[Stored items]
====

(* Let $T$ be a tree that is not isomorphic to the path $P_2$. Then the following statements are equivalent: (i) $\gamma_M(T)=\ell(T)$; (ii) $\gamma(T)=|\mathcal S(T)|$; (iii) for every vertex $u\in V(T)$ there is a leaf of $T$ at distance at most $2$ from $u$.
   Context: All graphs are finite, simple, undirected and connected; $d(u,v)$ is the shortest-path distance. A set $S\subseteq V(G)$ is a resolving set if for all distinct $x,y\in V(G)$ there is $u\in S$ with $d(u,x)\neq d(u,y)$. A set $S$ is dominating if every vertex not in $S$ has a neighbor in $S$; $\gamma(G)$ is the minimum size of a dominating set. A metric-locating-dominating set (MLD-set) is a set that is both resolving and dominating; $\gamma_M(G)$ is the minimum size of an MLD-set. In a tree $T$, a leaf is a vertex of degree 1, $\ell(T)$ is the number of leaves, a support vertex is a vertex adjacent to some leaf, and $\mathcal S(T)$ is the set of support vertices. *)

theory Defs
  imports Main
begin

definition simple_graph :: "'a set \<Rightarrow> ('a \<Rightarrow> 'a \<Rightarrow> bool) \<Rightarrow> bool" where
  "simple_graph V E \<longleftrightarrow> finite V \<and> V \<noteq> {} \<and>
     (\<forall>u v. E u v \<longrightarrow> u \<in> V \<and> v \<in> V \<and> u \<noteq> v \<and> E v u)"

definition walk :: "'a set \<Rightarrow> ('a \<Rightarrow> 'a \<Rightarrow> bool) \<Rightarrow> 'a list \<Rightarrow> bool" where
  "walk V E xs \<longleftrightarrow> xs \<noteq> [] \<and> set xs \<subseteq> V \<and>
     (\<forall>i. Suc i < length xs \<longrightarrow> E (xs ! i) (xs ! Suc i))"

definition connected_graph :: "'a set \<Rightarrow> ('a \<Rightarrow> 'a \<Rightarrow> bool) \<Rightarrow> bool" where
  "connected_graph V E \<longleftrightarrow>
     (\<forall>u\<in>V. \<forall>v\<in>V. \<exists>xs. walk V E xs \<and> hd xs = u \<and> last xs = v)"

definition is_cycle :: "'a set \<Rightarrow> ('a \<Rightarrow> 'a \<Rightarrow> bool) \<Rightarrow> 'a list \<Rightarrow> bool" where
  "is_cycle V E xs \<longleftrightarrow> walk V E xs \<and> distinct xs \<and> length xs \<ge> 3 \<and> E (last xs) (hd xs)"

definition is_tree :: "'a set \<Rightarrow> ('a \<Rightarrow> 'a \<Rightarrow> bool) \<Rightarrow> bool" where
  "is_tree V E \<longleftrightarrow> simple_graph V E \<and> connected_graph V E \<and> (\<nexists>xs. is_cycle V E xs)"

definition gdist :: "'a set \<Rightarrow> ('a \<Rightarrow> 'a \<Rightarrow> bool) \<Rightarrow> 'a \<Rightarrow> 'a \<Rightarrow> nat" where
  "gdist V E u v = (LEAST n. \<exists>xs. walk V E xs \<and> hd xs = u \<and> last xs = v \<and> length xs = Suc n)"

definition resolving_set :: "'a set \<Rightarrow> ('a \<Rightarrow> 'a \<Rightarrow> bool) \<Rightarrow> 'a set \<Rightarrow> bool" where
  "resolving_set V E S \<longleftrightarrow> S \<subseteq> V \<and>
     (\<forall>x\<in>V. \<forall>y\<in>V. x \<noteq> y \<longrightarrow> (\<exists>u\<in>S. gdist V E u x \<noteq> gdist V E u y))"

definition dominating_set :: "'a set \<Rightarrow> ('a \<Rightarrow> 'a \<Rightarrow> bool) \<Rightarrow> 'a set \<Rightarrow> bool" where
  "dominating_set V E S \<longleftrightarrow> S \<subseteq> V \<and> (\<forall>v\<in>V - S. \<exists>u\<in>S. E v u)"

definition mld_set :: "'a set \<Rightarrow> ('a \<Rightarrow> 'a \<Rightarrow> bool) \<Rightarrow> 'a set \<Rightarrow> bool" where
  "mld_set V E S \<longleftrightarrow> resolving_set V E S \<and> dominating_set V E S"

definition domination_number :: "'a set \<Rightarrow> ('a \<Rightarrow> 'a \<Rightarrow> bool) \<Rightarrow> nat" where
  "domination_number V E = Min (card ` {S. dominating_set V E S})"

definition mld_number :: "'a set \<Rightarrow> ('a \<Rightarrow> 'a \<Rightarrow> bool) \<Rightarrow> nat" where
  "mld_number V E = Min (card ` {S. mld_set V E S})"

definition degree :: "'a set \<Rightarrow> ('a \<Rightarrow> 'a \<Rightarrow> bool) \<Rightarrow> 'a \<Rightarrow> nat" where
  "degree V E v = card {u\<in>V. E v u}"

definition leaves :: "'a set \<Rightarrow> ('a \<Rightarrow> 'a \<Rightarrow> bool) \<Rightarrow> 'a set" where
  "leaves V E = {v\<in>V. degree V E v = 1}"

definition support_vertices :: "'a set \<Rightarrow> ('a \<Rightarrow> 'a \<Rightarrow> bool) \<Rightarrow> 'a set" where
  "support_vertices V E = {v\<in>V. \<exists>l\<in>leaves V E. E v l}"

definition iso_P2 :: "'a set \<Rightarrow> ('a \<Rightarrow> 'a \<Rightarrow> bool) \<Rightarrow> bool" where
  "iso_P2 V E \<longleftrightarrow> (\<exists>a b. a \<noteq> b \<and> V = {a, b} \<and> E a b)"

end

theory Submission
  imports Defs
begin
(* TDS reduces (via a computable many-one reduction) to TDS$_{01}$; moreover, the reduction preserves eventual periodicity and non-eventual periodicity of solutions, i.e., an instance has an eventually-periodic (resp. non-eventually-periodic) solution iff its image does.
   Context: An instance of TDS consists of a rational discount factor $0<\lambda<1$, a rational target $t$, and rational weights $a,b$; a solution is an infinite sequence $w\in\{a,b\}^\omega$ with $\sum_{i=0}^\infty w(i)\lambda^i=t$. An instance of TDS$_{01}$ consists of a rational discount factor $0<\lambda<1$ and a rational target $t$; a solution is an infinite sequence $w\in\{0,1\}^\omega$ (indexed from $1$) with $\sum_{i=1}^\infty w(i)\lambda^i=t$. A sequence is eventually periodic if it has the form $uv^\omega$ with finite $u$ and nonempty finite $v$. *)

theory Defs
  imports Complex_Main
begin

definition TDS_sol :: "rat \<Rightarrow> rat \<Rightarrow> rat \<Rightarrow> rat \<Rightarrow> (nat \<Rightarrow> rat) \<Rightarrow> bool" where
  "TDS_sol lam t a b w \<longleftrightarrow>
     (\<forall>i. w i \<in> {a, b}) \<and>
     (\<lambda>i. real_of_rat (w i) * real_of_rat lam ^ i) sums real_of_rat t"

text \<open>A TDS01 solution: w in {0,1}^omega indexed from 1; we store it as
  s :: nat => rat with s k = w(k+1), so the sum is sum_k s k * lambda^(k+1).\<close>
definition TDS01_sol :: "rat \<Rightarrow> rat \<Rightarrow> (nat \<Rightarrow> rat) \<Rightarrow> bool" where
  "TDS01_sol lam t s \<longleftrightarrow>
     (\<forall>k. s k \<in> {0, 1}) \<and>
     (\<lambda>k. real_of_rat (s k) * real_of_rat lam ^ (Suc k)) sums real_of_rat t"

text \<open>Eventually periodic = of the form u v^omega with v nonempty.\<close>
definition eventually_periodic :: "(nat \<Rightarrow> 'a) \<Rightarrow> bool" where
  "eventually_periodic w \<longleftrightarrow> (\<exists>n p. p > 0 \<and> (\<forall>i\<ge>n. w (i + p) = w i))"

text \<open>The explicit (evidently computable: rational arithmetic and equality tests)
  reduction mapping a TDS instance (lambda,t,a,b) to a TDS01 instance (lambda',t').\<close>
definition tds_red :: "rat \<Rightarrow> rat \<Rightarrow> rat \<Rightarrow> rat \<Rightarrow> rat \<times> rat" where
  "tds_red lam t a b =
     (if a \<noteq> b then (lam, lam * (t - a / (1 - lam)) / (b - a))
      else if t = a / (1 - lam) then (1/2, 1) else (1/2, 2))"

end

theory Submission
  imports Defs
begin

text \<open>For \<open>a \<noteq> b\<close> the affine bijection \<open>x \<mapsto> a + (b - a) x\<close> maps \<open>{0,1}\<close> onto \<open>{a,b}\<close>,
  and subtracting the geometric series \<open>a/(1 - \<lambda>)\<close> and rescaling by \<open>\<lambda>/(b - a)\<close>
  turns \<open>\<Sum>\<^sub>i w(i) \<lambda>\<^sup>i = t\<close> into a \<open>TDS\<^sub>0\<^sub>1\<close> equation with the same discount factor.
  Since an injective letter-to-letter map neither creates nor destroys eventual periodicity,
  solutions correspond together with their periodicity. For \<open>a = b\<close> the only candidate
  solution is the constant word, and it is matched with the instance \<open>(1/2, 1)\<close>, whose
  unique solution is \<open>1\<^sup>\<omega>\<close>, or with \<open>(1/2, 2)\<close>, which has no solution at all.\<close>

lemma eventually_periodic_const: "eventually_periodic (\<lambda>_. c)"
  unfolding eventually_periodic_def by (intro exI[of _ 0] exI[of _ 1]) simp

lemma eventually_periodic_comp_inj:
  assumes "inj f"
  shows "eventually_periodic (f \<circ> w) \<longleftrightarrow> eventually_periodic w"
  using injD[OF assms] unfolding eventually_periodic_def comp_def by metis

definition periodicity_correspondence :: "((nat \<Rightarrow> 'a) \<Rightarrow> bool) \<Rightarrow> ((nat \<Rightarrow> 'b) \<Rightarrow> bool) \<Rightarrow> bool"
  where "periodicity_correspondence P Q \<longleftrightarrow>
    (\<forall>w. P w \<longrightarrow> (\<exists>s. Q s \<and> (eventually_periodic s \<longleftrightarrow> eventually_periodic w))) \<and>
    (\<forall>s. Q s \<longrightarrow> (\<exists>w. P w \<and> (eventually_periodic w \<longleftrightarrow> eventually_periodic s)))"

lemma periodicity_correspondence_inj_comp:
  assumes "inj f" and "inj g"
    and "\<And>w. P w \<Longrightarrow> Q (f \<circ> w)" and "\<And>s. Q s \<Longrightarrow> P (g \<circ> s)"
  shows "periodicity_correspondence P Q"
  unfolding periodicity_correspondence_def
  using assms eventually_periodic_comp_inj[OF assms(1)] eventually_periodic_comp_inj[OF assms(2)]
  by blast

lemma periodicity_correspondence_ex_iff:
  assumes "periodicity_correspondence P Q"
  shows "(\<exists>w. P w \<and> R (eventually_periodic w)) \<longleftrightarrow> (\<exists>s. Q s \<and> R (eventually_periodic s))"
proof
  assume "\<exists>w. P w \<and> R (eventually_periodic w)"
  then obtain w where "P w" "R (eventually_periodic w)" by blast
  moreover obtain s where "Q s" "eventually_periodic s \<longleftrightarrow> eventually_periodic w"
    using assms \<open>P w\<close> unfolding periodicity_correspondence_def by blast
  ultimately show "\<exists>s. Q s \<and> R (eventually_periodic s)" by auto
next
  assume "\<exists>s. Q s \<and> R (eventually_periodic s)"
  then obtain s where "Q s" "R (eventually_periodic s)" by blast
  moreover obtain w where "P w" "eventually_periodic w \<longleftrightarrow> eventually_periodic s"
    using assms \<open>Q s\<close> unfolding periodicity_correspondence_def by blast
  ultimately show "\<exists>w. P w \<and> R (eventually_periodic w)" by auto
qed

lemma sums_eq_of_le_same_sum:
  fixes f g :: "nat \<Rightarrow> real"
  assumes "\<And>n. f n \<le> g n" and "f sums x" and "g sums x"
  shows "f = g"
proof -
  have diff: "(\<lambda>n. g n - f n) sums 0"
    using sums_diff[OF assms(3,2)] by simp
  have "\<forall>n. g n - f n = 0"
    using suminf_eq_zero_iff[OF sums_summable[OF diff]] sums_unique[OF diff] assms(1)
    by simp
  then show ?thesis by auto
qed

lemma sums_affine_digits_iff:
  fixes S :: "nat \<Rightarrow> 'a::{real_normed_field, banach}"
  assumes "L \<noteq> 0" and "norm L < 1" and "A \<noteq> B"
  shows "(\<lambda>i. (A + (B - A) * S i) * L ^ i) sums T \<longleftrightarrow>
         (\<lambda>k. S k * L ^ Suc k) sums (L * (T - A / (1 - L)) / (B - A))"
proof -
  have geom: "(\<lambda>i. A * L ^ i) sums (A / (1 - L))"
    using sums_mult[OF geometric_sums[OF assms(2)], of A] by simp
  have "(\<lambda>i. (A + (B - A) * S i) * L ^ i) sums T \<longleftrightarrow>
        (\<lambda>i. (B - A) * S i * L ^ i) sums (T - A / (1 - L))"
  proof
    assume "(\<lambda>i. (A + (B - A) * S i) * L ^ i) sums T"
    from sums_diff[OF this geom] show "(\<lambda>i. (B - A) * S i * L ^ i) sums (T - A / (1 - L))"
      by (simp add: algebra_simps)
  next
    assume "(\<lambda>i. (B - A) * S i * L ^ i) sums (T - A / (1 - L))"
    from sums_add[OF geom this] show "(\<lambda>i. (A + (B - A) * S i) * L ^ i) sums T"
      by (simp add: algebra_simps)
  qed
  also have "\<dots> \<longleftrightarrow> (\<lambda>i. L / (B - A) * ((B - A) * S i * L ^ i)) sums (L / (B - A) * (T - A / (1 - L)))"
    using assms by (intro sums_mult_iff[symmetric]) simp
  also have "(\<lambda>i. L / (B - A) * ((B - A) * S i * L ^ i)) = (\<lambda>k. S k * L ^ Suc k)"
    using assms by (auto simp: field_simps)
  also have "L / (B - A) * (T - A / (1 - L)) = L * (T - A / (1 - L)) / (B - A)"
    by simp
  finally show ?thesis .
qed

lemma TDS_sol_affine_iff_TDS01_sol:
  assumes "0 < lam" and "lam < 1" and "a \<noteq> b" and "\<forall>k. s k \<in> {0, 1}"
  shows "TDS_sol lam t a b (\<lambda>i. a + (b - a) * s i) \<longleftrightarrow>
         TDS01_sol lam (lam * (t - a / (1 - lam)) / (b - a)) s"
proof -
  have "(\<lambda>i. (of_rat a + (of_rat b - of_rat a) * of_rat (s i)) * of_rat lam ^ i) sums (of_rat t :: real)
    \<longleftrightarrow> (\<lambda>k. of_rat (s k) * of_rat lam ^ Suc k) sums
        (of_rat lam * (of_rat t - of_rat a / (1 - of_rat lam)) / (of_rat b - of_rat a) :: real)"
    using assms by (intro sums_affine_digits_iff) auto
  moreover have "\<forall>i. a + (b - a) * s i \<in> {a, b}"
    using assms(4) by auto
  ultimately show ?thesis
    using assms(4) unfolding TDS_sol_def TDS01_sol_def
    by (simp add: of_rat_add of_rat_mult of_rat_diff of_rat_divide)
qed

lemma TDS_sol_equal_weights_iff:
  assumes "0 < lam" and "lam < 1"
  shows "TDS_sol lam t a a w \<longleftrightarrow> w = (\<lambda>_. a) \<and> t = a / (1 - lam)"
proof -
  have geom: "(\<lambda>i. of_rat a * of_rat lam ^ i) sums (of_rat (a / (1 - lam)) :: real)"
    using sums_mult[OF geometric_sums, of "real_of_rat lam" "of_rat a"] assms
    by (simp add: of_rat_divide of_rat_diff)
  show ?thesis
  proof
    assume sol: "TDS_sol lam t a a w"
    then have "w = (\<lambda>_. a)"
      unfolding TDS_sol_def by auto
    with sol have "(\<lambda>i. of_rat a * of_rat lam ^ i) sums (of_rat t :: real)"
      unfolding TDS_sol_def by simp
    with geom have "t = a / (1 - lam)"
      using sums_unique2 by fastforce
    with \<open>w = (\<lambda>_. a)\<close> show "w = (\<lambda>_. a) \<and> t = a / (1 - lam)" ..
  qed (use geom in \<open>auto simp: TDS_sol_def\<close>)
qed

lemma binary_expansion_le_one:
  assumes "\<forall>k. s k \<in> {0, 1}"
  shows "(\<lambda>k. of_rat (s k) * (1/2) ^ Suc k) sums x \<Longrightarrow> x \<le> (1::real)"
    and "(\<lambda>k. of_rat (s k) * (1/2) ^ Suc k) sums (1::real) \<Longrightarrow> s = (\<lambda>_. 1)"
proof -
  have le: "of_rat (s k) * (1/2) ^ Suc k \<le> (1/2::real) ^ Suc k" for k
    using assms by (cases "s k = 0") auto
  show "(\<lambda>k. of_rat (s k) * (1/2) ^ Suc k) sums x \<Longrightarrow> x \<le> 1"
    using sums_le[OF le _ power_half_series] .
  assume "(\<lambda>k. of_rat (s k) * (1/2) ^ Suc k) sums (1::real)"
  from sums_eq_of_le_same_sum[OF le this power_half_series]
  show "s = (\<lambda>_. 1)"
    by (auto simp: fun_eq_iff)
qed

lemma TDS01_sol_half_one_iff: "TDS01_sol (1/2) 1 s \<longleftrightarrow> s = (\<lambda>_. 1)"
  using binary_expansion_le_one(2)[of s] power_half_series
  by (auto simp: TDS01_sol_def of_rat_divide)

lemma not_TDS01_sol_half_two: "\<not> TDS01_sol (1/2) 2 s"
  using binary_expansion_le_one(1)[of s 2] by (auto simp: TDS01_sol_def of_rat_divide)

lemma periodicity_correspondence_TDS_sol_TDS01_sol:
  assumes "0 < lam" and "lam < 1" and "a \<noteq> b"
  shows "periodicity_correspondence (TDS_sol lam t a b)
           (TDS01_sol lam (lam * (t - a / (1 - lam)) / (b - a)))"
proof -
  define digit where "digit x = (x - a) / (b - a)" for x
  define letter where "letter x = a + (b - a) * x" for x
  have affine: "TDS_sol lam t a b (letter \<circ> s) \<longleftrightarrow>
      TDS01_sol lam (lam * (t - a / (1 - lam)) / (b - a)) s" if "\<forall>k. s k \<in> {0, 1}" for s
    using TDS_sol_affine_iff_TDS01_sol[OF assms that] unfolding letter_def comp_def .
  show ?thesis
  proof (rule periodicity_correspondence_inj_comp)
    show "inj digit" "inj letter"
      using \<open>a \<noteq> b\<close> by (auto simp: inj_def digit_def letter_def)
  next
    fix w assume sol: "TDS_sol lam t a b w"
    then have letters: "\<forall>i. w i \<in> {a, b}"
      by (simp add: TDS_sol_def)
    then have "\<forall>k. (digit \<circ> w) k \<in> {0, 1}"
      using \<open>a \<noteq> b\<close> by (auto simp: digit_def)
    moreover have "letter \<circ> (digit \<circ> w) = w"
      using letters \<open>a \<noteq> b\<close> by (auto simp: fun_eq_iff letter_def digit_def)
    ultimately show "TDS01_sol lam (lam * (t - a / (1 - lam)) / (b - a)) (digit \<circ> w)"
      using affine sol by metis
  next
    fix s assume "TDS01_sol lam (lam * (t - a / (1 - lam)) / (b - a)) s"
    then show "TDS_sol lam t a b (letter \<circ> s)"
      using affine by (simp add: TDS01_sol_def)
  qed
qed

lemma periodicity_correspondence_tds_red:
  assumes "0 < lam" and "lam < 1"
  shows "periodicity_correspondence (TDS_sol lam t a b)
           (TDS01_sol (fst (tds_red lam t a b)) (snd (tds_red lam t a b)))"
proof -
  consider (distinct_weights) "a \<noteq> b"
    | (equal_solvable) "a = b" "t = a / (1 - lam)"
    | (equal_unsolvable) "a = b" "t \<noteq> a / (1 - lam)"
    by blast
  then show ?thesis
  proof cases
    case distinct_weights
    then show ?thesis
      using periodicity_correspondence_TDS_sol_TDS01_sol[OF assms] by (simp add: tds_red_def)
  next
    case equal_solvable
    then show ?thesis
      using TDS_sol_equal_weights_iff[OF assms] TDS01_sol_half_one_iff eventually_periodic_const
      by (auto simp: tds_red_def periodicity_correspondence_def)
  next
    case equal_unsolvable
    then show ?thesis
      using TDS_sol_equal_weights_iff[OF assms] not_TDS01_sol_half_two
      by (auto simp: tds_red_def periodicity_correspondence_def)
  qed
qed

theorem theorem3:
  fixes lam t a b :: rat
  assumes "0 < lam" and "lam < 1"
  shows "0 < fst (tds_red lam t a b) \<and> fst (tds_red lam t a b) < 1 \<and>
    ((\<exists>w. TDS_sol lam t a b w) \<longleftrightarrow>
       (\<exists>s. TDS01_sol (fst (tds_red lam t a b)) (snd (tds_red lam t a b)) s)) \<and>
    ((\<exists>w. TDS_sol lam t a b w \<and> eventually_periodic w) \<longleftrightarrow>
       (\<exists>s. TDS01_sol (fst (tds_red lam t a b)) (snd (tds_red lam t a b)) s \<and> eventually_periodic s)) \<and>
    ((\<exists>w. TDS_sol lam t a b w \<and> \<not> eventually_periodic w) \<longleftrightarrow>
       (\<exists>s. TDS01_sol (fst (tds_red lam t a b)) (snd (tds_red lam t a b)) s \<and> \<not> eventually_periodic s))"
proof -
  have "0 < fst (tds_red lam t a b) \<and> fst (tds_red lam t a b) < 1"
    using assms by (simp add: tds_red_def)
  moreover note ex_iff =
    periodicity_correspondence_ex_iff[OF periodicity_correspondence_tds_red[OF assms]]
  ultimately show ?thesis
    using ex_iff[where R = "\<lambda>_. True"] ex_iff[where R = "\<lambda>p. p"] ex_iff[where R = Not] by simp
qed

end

====

◆ **Exercise aim**: Set down verbatim only the lines between the start of the data above and the line with "(\<forall>i. Suc i", both boundaries included.

◆ **Task result**:
(* Let $T$ be a tree that is not isomorphic to the path $P_2$. Then the following statements are equivalent: (i) $\gamma_M(T)=\ell(T)$; (ii) $\gamma(T)=|\mathcal S(T)|$; (iii) for every vertex $u\in V(T)$ there is a leaf of $T$ at distance at most $2$ from $u$.
   Context: All graphs are finite, simple, undirected and connected; $d(u,v)$ is the shortest-path distance. A set $S\subseteq V(G)$ is a resolving set if for all distinct $x,y\in V(G)$ there is $u\in S$ with $d(u,x)\neq d(u,y)$. A set $S$ is dominating if every vertex not in $S$ has a neighbor in $S$; $\gamma(G)$ is the minimum size of a dominating set. A metric-locating-dominating set (MLD-set) is a set that is both resolving and dominating; $\gamma_M(G)$ is the minimum size of an MLD-set. In a tree $T$, a leaf is a vertex of degree 1, $\ell(T)$ is the number of leaves, a support vertex is a vertex adjacent to some leaf, and $\mathcal S(T)$ is the set of support vertices. *)

theory Defs
  imports Main
begin

definition simple_graph :: "'a set \<Rightarrow> ('a \<Rightarrow> 'a \<Rightarrow> bool) \<Rightarrow> bool" where
  "simple_graph V E \<longleftrightarrow> finite V \<and> V \<noteq> {} \<and>
     (\<forall>u v. E u v \<longrightarrow> u \<in> V \<and> v \<in> V \<and> u \<noteq> v \<and> E v u)"

definition walk :: "'a set \<Rightarrow> ('a \<Rightarrow> 'a \<Rightarrow> bool) \<Rightarrow> 'a list \<Rightarrow> bool" where
  "walk V E xs \<longleftrightarrow> xs \<noteq> [] \<and> set xs \<subseteq> V \<and>
     (\<forall>i. Suc i < length xs \<longrightarrow> E (xs ! i) (xs ! Suc i))"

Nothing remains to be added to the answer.